■ **Information supplied**
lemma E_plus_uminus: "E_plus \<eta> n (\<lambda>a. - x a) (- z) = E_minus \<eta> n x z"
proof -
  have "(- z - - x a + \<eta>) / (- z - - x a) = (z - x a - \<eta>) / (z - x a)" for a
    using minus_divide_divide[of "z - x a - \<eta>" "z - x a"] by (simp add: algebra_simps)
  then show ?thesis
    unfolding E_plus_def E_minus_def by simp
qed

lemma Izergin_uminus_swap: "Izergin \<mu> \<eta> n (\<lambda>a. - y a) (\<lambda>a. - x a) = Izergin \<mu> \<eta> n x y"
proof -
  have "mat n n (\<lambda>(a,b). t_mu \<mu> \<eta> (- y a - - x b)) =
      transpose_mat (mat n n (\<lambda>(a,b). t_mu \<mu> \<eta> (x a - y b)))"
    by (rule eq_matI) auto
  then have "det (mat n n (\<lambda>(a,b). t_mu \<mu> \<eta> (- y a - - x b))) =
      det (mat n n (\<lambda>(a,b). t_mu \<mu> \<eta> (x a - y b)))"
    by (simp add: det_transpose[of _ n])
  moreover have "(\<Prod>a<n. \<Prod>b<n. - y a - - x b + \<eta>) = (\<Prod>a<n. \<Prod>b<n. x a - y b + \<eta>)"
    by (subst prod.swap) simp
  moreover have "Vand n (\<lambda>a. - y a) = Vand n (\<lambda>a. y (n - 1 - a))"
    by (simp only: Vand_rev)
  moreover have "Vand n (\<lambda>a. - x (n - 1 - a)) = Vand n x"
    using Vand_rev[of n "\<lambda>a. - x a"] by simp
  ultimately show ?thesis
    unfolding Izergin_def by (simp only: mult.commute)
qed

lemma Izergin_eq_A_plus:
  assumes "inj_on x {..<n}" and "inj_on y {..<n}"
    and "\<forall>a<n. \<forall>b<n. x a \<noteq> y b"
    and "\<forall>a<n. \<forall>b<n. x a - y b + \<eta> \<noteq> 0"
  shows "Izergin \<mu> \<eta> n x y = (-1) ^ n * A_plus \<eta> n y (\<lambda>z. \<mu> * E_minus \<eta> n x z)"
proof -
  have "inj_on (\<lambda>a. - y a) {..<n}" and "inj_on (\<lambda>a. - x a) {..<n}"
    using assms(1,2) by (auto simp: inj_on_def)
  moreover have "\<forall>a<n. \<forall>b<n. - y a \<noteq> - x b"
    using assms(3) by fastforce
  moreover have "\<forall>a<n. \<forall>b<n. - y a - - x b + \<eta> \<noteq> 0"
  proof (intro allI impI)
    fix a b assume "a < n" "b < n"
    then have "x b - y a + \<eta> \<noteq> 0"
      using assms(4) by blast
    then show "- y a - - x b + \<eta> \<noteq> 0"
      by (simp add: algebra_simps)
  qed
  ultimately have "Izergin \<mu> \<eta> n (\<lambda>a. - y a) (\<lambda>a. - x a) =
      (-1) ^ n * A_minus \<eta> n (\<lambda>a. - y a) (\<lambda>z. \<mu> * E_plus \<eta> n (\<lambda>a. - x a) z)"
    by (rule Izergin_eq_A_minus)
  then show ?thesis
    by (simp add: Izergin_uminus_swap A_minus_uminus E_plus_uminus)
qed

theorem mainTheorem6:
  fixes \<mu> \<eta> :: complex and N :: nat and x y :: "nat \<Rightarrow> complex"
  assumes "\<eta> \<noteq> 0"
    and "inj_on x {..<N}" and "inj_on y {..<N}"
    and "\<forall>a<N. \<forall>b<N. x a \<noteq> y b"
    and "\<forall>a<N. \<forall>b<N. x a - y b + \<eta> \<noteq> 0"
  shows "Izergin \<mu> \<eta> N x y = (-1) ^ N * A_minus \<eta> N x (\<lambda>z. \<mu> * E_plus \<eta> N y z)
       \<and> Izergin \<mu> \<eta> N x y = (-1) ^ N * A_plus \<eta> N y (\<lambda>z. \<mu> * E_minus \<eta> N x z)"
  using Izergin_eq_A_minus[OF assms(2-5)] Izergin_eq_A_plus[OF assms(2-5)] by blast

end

■ **Prompt**
Make a verbatim copy of each record.

■ **Written answer**
lemma E_plus_uminus: "E_plus \<eta> n (\<lambda>a. - x a) (- z) = E_minus \<eta> n x z"
proof -
  have "(- z - - x a + \<eta>) / (- z - - x a) = (z - x a - \<eta>) / (z - x a)" for a
    using minus_divide_divide[of "z - x a - \<eta>" "z - x a"] by (simp add: algebra_simps)
  then show ?thesis
    unfolding E_plus_def E_minus_def by simp
qed

lemma Izergin_uminus_swap: "Izergin \<mu> \<eta> n (\<lambda>a. - y a) (\<lambda>a. - x a) = Izergin \<mu> \<eta> n x y"
proof -
  have "mat n n (\<lambda>(a,b). t_mu \<mu> \<eta> (- y a - - x b)) =
      transpose_mat (mat n n (\<lambda>(a,b). t_mu \<mu> \<eta> (x a - y b)))"
    by (rule eq_matI) auto
  then have "det (mat n n (\<lambda>(a,b). t_mu \<mu> \<eta> (- y a - - x b))) =
      det (mat n n (\<lambda>(a,b). t_mu \<mu> \<eta> (x a - y b)))"
    by (simp add: det_transpose[of _ n])
  moreover have "(\<Prod>a<n. \<Prod>b<n. - y a - - x b + \<eta>) = (\<Prod>a<n. \<Prod>b<n. x a - y b + \<eta>)"
    by (subst prod.swap) simp
  moreover have "Vand n (\<lambda>a. - y a) = Vand n (\<lambda>a. y (n - 1 - a))"
    by (simp only: Vand_rev)
  moreover have "Vand n (\<lambda>a. - x (n - 1 - a)) = Vand n x"
    using Vand_rev[of n "\<lambda>a. - x a"] by simp
  ultimately show ?thesis
    unfolding Izergin_def by (simp only: mult.commute)
qed

lemma Izergin_eq_A_plus:
  assumes "inj_on x {..<n}" and "inj_on y {..<n}"
    and "\<forall>a<n. \<forall>b<n. x a \<noteq> y b"
    and "\<forall>a<n. \<forall>b<n. x a - y b + \<eta> \<noteq> 0"
  shows "Izergin \<mu> \<eta> n x y = (-1) ^ n * A_plus \<eta> n y (\<lambda>z. \<mu> * E_minus \<eta> n x z)"
proof -
  have "inj_on (\<lambda>a. - y a) {..<n}" and "inj_on (\<lambda>a. - x a) {..<n}"
    using assms(1,2) by (auto simp: inj_on_def)
  moreover have "\<forall>a<n. \<forall>b<n. - y a \<noteq> - x b"
    using assms(3) by fastforce
  moreover have "\<forall>a<n. \<forall>b<n. - y a - - x b + \<eta> \<noteq> 0"
  proof (intro allI impI)
    fix a b assume "a < n" "b < n"
    then have "x b - y a + \<eta> \<noteq> 0"
      using assms(4) by blast
    then show "- y a - - x b + \<eta> \<noteq> 0"
      by (simp add: algebra_simps)
  qed
  ultimately have "Izergin \<mu> \<eta> n (\<lambda>a. - y a) (\<lambda>a. - x a) =
      (-1) ^ n * A_minus \<eta> n (\<lambda>a. - y a) (\<lambda>z. \<mu> * E_plus \<eta> n (\<lambda>a. - x a) z)"
    by (rule Izergin_eq_A_minus)
  then show ?thesis
    by (simp add: Izergin_uminus_swap A_minus_uminus E_plus_uminus)
qed

theorem mainTheorem6:
  fixes \<mu> \<eta> :: complex and N :: nat and x y :: "nat \<Rightarrow> complex"
  assumes "\<eta> \<noteq> 0"
    and "inj_on x {..<N}" and "inj_on y {..<N}"
    and "\<forall>a<N. \<forall>b<N. x a \<noteq> y b"
    and "\<forall>a<N. \<forall>b<N. x a - y b + \<eta> \<noteq> 0"
  shows "Izergin \<mu> \<eta> N x y = (-1) ^ N * A_minus \<eta> N x (\<lambda>z. \<mu> * E_plus \<eta> N y z)
       \<and> Izergin \<mu> \<eta> N x y = (-1) ^ N * A_plus \<eta> N y (\<lambda>z. \<mu> * E_minus \<eta> N x z)"
  using Izergin_eq_A_minus[OF assms(2-5)] Izergin_eq_A_plus[OF assms(2-5)] by blast

end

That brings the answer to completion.